“Our Company Could Not Coexist” with Trump as a Partner
Will the Republican party ever learn the lesson that people in the business world learned long ago?
THE MOST PRESCIENT AND POINTED WARNING about Donald Trump may have been raised by a Harrah’s executive. In 2016.
Phil Satre wasn’t a celebrity, but he stood out in at least two ways: He was Trump’s partner on an Atlantic City casino project in the 1980s. And he was willing to stick his neck out and write about it in the Reno Gazette Journal.
The column Satre wrote was so spot-on that in my role then as commentary editor of USA Today, I republished it in our newspaper in hopes it would influence voters throughout the land. That was back when the extent of the Teflon Don syndrome had not fully penetrated our brains—when we still thought, or hoped, that reason and facts could make a difference.
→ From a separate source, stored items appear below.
(* Let $(\Omega,d)$ be a compact metric space, let $n\ge1$, and fix $Y_1,\dots,Y_n\in\Omega$. Let $\Delta^{n-1}=\{w\in\mathbb{R}^n: w_i\ge0,\ \sum_i w_i=1\}$ and assume that for every $w\in\Delta^{n-1}$ the weighted Fréchet mean $\mu(w)=\operatorname{argmin}_{y\in\Omega}\sum_{i=1}^n w_i d^2(y,Y_i)$ exists and is unique. Let $w:\mathbb{R}^p\to\Delta^{n-1}$ be continuous and set $m=\mu\circ w$. Then for every $\epsilon>0$ there exists a neural network $w_{\theta^*}:\mathbb{R}^p\to\Delta^{n-1}$ such that $m_{\theta^*}=\mu\circ w_{\theta^*}$ satisfies \[\sup_{\|x\|\le 1} d\big(m_{\theta^*}(x),m(x)\big)<\epsilon.\] Moreover, if $X$ is a stochastically bounded random vector in $\mathbb{R}^p$, then for every $\epsilon>0$ and every $\delta>0$ there exists a neural network $w_{\theta^*}$ such that \[P\big(d(m_{\theta^*}(X),m(X))<\epsilon\big)>1-\delta.\]
   Context: Here a "neural network" $w_\theta:\mathbb{R}^p\to\Delta^{n-1}$ with parameters $\theta$ means a fully connected feedforward network with hidden layers using ReLU activations followed by a softmax output layer producing an $n$-dimensional probability vector; the number of layers and neurons is arbitrary. $\|x\|$ denotes the Euclidean norm on $\mathbb{R}^p$. $X$ stochastically bounded means that for every $\delta>0$ there is $M_\delta$ with $P(\|X\|\le M_\delta)>1-\delta$. *)

theory Defs
  imports "HOL-Probability.Probability"
begin

definition prob_simplex :: "nat \<Rightarrow> (nat \<Rightarrow> real) set" where
  "prob_simplex n = {w. (\<forall>i<n. 0 \<le> w i) \<and> (\<Sum>i<n. w i) = 1 \<and> (\<forall>i\<ge>n. w i = 0)}"

definition frechet_obj :: "nat \<Rightarrow> (nat \<Rightarrow> 'a::metric_space) \<Rightarrow> (nat \<Rightarrow> real) \<Rightarrow> 'a \<Rightarrow> real" where
  "frechet_obj n Y w y = (\<Sum>i<n. w i * (dist y (Y i))\<^sup>2)"

definition is_frechet_mean :: "'a::metric_space set \<Rightarrow> nat \<Rightarrow> (nat \<Rightarrow> 'a) \<Rightarrow> (nat \<Rightarrow> real) \<Rightarrow> 'a \<Rightarrow> bool" where
  "is_frechet_mean \<Omega> n Y w y \<longleftrightarrow> y \<in> \<Omega> \<and> (\<forall>z\<in>\<Omega>. frechet_obj n Y w y \<le> frechet_obj n Y w z)"

definition frechet_mean :: "'a::metric_space set \<Rightarrow> nat \<Rightarrow> (nat \<Rightarrow> 'a) \<Rightarrow> (nat \<Rightarrow> real) \<Rightarrow> 'a" where
  "frechet_mean \<Omega> n Y w = (THE y. is_frechet_mean \<Omega> n Y w y)"

definition relu :: "real \<Rightarrow> real" where
  "relu t = max 0 t"

definition affine_layer :: "nat \<Rightarrow> (nat \<Rightarrow> nat \<Rightarrow> real) \<Rightarrow> (nat \<Rightarrow> real) \<Rightarrow> (nat \<Rightarrow> real) \<Rightarrow> (nat \<Rightarrow> real)" where
  "affine_layer d W b v = (\<lambda>j. (\<Sum>i<d. W j i * v i) + b j)"

definition softmax :: "nat \<Rightarrow> (nat \<Rightarrow> real) \<Rightarrow> (nat \<Rightarrow> real)" where
  "softmax n z = (\<lambda>i. if i < n then exp (z i) / (\<Sum>j<n. exp (z j)) else 0)"

text \<open>A network: first affine layer on R^p (rows A j, biases a j), then a list of
  layers (input width d, weights W, biases b); ReLU is applied before every layer
  in the list (i.e. to every hidden pre-activation); the last pre-activation goes
  through softmax.\<close>
type_synonym 'p network =
  "(nat \<Rightarrow> real ^ 'p) \<times> (nat \<Rightarrow> real) \<times> (nat \<times> (nat \<Rightarrow> nat \<Rightarrow> real) \<times> (nat \<Rightarrow> real)) list"

fun apply_layers :: "(nat \<times> (nat \<Rightarrow> nat \<Rightarrow> real) \<times> (nat \<Rightarrow> real)) list \<Rightarrow> (nat \<Rightarrow> real) \<Rightarrow> (nat \<Rightarrow> real)" where
  "apply_layers [] v = v"
| "apply_layers ((d, W, b) # ls) v = apply_layers ls (affine_layer d W b (relu \<circ> v))"

definition nn_eval :: "nat \<Rightarrow> 'p::finite network \<Rightarrow> real ^ 'p \<Rightarrow> (nat \<Rightarrow> real)" where
  "nn_eval n \<theta> x = (case \<theta> of (A, a, ls) \<Rightarrow>
      softmax n (apply_layers ls (\<lambda>j. inner (A j) x + a j)))"

definition stoch_bounded :: "'b measure \<Rightarrow> ('b \<Rightarrow> 'c::real_normed_vector) \<Rightarrow> bool" where
  "stoch_bounded M X \<longleftrightarrow> (\<forall>\<delta>>0. \<exists>C. measure M {\<omega>\<in>space M. norm (X \<omega>) \<le> C} > 1 - \<delta>)"

end

theory Submission
  imports Defs
begin

text \<open>ReLU networks of a fixed depth are closed under affine post-processing and parallel
  composition, and one more layer yields pointwise maxima and minima. As affine functions
  interpolate any two values at two points, the lattice version of the Stone-Weierstrass
  theorem makes scalar ReLU networks uniformly dense on compact sets; feeding approximations of
  \<open>ln (w x i + c)\<close> into the softmax then approximates \<open>w\<close> uniformly on compact sets.
  Compactness of \<open>\<Omega>\<close> and uniqueness of the weighted Frechet means make \<open>v \<mapsto> \<mu> v\<close>
  continuous on the simplex, uniformly along \<open>w\<close> on compact sets, so networks whose outputs are
  close to \<open>w\<close> on a ball have means close to \<open>m\<close> there. For the probabilistic statement the
  ball is chosen to carry probability more than \<open>1 - \<delta>\<close>.\<close>

section \<open>ReLU networks of fixed depth\<close>

text \<open>The number \<open>k\<close> of
  hidden layers is recorded because only networks of equal depth can be run side by side.\<close>
definition relu_realizable :: "nat \<Rightarrow> nat \<Rightarrow> (real^'p::finite \<Rightarrow> nat \<Rightarrow> real) \<Rightarrow> bool" where
  "relu_realizable k m G \<longleftrightarrow> (\<exists>A a ls. length ls = k \<and>
      (\<forall>x. \<forall>j<m. apply_layers ls (\<lambda>j. inner (A j) x + a j) j = G x j))"

lemma apply_layers_snoc:
  "apply_layers (ls @ [(d, W, b)]) v = affine_layer d W b (relu \<circ> apply_layers ls v)"
  by (induction ls v rule: apply_layers.induct) (auto simp: comp_def)

lemma affine_layer_cong:
  "(\<And>i. i < d \<Longrightarrow> v i = v' i) \<Longrightarrow> affine_layer d W b v = affine_layer d W b v'"
  unfolding affine_layer_def by (auto intro!: sum.cong)

lemma affine_layer_affine_layer:
  "affine_layer d C e (affine_layer d' W b v) =
   affine_layer d' (\<lambda>j l. \<Sum>i<d. C j i * W i l) (\<lambda>j. (\<Sum>i<d. C j i * b i) + e j) v"
  unfolding affine_layer_def
  by (auto simp: fun_eq_iff distrib_left sum.distrib sum_distrib_left sum_distrib_right
        mult.assoc intro: sum.swap)

lemma affine_layer_inner:
  "affine_layer d C e (\<lambda>j. inner (A j) x + a j) =
   (\<lambda>j. inner (\<Sum>i<d. C j i *\<^sub>R A i) x + ((\<Sum>i<d. C j i * a i) + e j))"
  unfolding affine_layer_def
  by (auto simp: fun_eq_iff distrib_left sum.distrib inner_sum_left)

lemma relu_realizable_input: "relu_realizable 0 m (\<lambda>x j. inner (A j) x + a j)"
  unfolding relu_realizable_def by (intro exI[of _ A] exI[of _ a] exI[of _ "[]"]) simp

lemma relu_realizable_cong:
  "relu_realizable k m G \<Longrightarrow> (\<And>x j. j < m \<Longrightarrow> G x j = G' x j) \<Longrightarrow> relu_realizable k m G'"
  unfolding relu_realizable_def by metis

lemma relu_realizable_extend:
  assumes "relu_realizable k m G"
  obtains G' where "\<And>x j. j < m \<Longrightarrow> G' x j = G x j" and "\<And>m'. relu_realizable k m' G'"
proof -
  obtain A a ls where "length ls = k"
    and "\<forall>x. \<forall>j<m. apply_layers ls (\<lambda>j. inner (A j) x + a j) j = G x j"
    using assms unfolding relu_realizable_def by blast
  then show thesis
    by (intro that[of "\<lambda>x. apply_layers ls (\<lambda>j. inner (A j) x + a j)"])
      (auto simp: relu_realizable_def)
qed

lemma relu_realizable_relu_layer:
  assumes "relu_realizable k m G" and "d \<le> m"
  shows "relu_realizable (Suc k) m' (\<lambda>x. affine_layer d W b (relu \<circ> G x))"
proof -
  obtain A a ls where "length ls = k"
    and G: "\<forall>x. \<forall>j<m. apply_layers ls (\<lambda>j. inner (A j) x + a j) j = G x j"
    using assms(1) unfolding relu_realizable_def by blast
  moreover have "affine_layer d W b (relu \<circ> apply_layers ls (\<lambda>j. inner (A j) x + a j)) =
      affine_layer d W b (relu \<circ> G x)" for x
    by (rule affine_layer_cong) (use G assms(2) in auto)
  ultimately show ?thesis
    unfolding relu_realizable_def
    by (intro exI[of _ A] exI[of _ a] exI[of _ "ls @ [(d, W, b)]"]) (simp add: apply_layers_snoc)
qed

text \<open>An affine map after the last layer is absorbed into it, so the depth does not grow.\<close>
lemma relu_realizable_affine:
  assumes "relu_realizable k m G" and "d \<le> m"
  shows "relu_realizable k m' (\<lambda>x. affine_layer d C e (G x))"
proof -
  obtain A a ls where ls: "length ls = k"
    and G: "\<forall>x. \<forall>j<m. apply_layers ls (\<lambda>j. inner (A j) x + a j) j = G x j"
    using assms(1) unfolding relu_realizable_def by blast
  have G': "affine_layer d C e (G x) =
      affine_layer d C e (apply_layers ls (\<lambda>j. inner (A j) x + a j))" for x
    by (rule affine_layer_cong) (use G assms(2) in auto)
  show ?thesis
  proof (cases ls rule: rev_cases)
    case Nil
    then show ?thesis
      unfolding relu_realizable_def G'
      by (intro exI[of _ "\<lambda>j. \<Sum>i<d. C j i *\<^sub>R A i"] exI[of _ "\<lambda>j. (\<Sum>i<d. C j i * a i) + e j"]
          exI[of _ "[]"]) (use ls in \<open>simp add: affine_layer_inner\<close>)
  next
    case (snoc ls' l)
    obtain d' W b where "l = (d', W, b)" by (cases l)
    then show ?thesis
      unfolding relu_realizable_def G'
      by (intro exI[of _ A] exI[of _ a]
          exI[of _ "ls' @ [(d', \<lambda>j l. \<Sum>i<d. C j i * W i l, \<lambda>j. (\<Sum>i<d. C j i * b i) + e j)]"])
        (use ls snoc in \<open>simp add: apply_layers_snoc affine_layer_affine_layer\<close>)
  qed
qed

text \<open>Two networks run side by side on interleaved neurons: the first one uses the even, the
  second one the odd coordinates.\<close>
definition interleave :: "(nat \<Rightarrow> 'b) \<Rightarrow> (nat \<Rightarrow> 'b) \<Rightarrow> nat \<Rightarrow> 'b" where
  "interleave u v j = (if even j then u (j div 2) else v (j div 2))"

definition interleave_weights ::
    "nat \<Rightarrow> (nat \<Rightarrow> nat \<Rightarrow> real) \<Rightarrow> nat \<Rightarrow> (nat \<Rightarrow> nat \<Rightarrow> real) \<Rightarrow> nat \<Rightarrow> nat \<Rightarrow> real" where
  "interleave_weights d W d' W' j i =
     (if even j then (if even i \<and> i div 2 < d then W (j div 2) (i div 2) else 0)
      else (if odd i \<and> i div 2 < d' then W' (j div 2) (i div 2) else 0))"

fun parallel_layers ::
    "(nat \<times> (nat \<Rightarrow> nat \<Rightarrow> real) \<times> (nat \<Rightarrow> real)) list \<Rightarrow>
     (nat \<times> (nat \<Rightarrow> nat \<Rightarrow> real) \<times> (nat \<Rightarrow> real)) list \<Rightarrow>
     (nat \<times> (nat \<Rightarrow> nat \<Rightarrow> real) \<times> (nat \<Rightarrow> real)) list" where
  "parallel_layers ((d, W, b) # ls) ((d', W', b') # ls') =
     (2 * max d d', interleave_weights d W d' W', interleave b b') # parallel_layers ls ls'"
| "parallel_layers _ _ = []"

lemma sum_lessThan_double:
  fixes f :: "nat \<Rightarrow> 'b::comm_monoid_add"
  shows "(\<Sum>i<2 * d. f i) = (\<Sum>i<d. f (2 * i)) + (\<Sum>i<d. f (2 * i + 1))"
  by (induction d) (auto simp: algebra_simps)

lemma affine_layer_interleave:
  "affine_layer (2 * max d d') (interleave_weights d W d' W') (interleave b b') (interleave u u') =
   interleave (affine_layer d W b u) (affine_layer d' W' b' u')"
proof -
  have trunc: "(\<Sum>i<D. if i < d then f i else 0) = (\<Sum>i<d. f i)" if "d \<le> D"
    for d D and f :: "nat \<Rightarrow> real"
  proof -
    have "{..<D} \<inter> {i. i < d} = {..<d}" using that by auto
    then show ?thesis by (simp add: sum.If_cases)
  qed
  show ?thesis
    by (rule ext, unfold affine_layer_def interleave_def interleave_weights_def sum_lessThan_double)
      (auto simp: if_distrib[of "\<lambda>t. t * _"] trunc cong: if_cong)
qed

lemma apply_layers_parallel:
  "length ls = length ls' \<Longrightarrow>
   apply_layers (parallel_layers ls ls') (interleave v v') =
   interleave (apply_layers ls v) (apply_layers ls' v')"
proof (induction ls ls' arbitrary: v v' rule: parallel_layers.induct)
  case (1 d W b ls d' W' b' ls')
  have "relu \<circ> interleave v v' = interleave (relu \<circ> v) (relu \<circ> v')"
    by (auto simp: interleave_def)
  with 1 show ?case by (simp add: affine_layer_interleave)
qed (auto simp: interleave_def)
Here’s just one paragraph of Satre’s column:
In 1985 I filed an affidavit with the court over Trump’s claims of mismanagement: Referring to Trump I said, “His written response to my letter of May 10 is characteristic of the bluster, threats, intemperance and unsupported and unsupportable falsehoods that have permeated the correspondence we have received from him and his key management employees almost since the beginning of our partnership.” My opinion of Donald Trump from the 1980s has not changed. The negative publicity about Donald Trump during this campaign—his conduct toward women, his business failures and his explosive temperament—matches my dealings with him.
As we know, reason and facts did not prevail. Satre’s words, so blunt and vivid, probably had the most impact inside my own brain. They have come to mind repeatedly during the first two months of Trump’s return to office.
Call it the boomerang presidency. Or the whiplash or rug-pull presidency. The bottom line is the same, whether we’re talking about tariffs, Ukraine, Social Security, immigration, or anything else: You cannot count on Trump. You cannot trust him. Also, he knows nothing about the economy.
“I don’t have a changed view of him,” Satre told me in a phone call this week—the first time we’d ever talked. “His whole approach during the periods that I was involved with him in a partnership were examples of somebody who talked a lot about himself with a great deal of bombast. And there was no regard to accuracy of what he said or truthfulness. And as a consequence, ultimately, our company could not coexist with him as a partner.”
Negotiating with Trump then sounds a lot like negotiating with him now. “What was negotiated in those days was his name and how valuable his name was. We had lots of disagreements about that,” Satre said, deadpan, and we both chuckled. Were they resolved? “No, they weren’t,” he said.
In a way, though, they were. Satre and the rest of the Harrah’s team decided to sell their half-interest in the project back to Trump. They didn’t lose any money in the transaction, Satre said, but Trump nevertheless claimed it was “a great deal for him.”
Harrah’s went back to operating its “very successful” Marina District casino in Atlantic City, which had opened in 1980. And Trump went back to doing what he does best, or worst.
The Trump Plaza, as Trump called it after the partnership ended, “filed for bankruptcy in 1992. It closed in 2014 after additional bankruptcies,” Satre wrote in 2016. And lest you’re inclined to blame economic conditions, he made a point of noting that “in contrast, Harrah’s flourished during this same period, and I retired as Chairman in 2005.”
And furthermore: “I am convinced he simply does not have the temperament to be president, or more importantly, commander in chief: His hair-trigger temper, bluster, racial rhetoric and divisive domestic and international views will endanger our democracy and risk permanent damage to our society.”
Not surprisingly, both Satre and I thought immediately of his long-ago op-ed after the volcanic Oval Office meeting between Trump, Vice President JD Vance, and Ukrainian president Volodymyr Zelensky. When Satre read about it and watched clips, he had flashbacks to some of his sessions with Trump. “We had several of those just really angry outbursts,” he told me.
Satre did not write anything about Trump last year. “I didn’t feel like I could say anything different than what I said then. I actually was quite shocked in 2024, shocked by the outcome,” he said.
The enduring mystery, for Satre and so many of us, is why Trump’s skills at selling and marketing himself have worked so well and for so long. They weren’t in evidence, nor was there any hint he had a political future, at the time Satre was trying to work with him.
That came later, he says, when Trump was riding high with The Apprentice: “He had become a media personality more than a developer personality, and he started talking about running for president and all that. I began to run into people who said we should elect him president. I said ‘Really?’ The Apprentice. People were attracted to that.”
Satre, now the non-executive chairman of the board of Wynn Resorts, has had a long and respected career in the gaming industry. But like millions of Americans, maybe tens of millions, he has failed at one big thing: Turning the electorate away from Donald Trump.
Years ago, when he and other Harrah’s executives contemplated a continued future with Trump, “We made the decision that we’d be well served by terminating our relationship with him,” he said during our call. “We decided to do it and we were very happy.”
If only Republicans could find the courage and will to do the same. If I were a betting woman, I’d say they, and their country, would be very happy.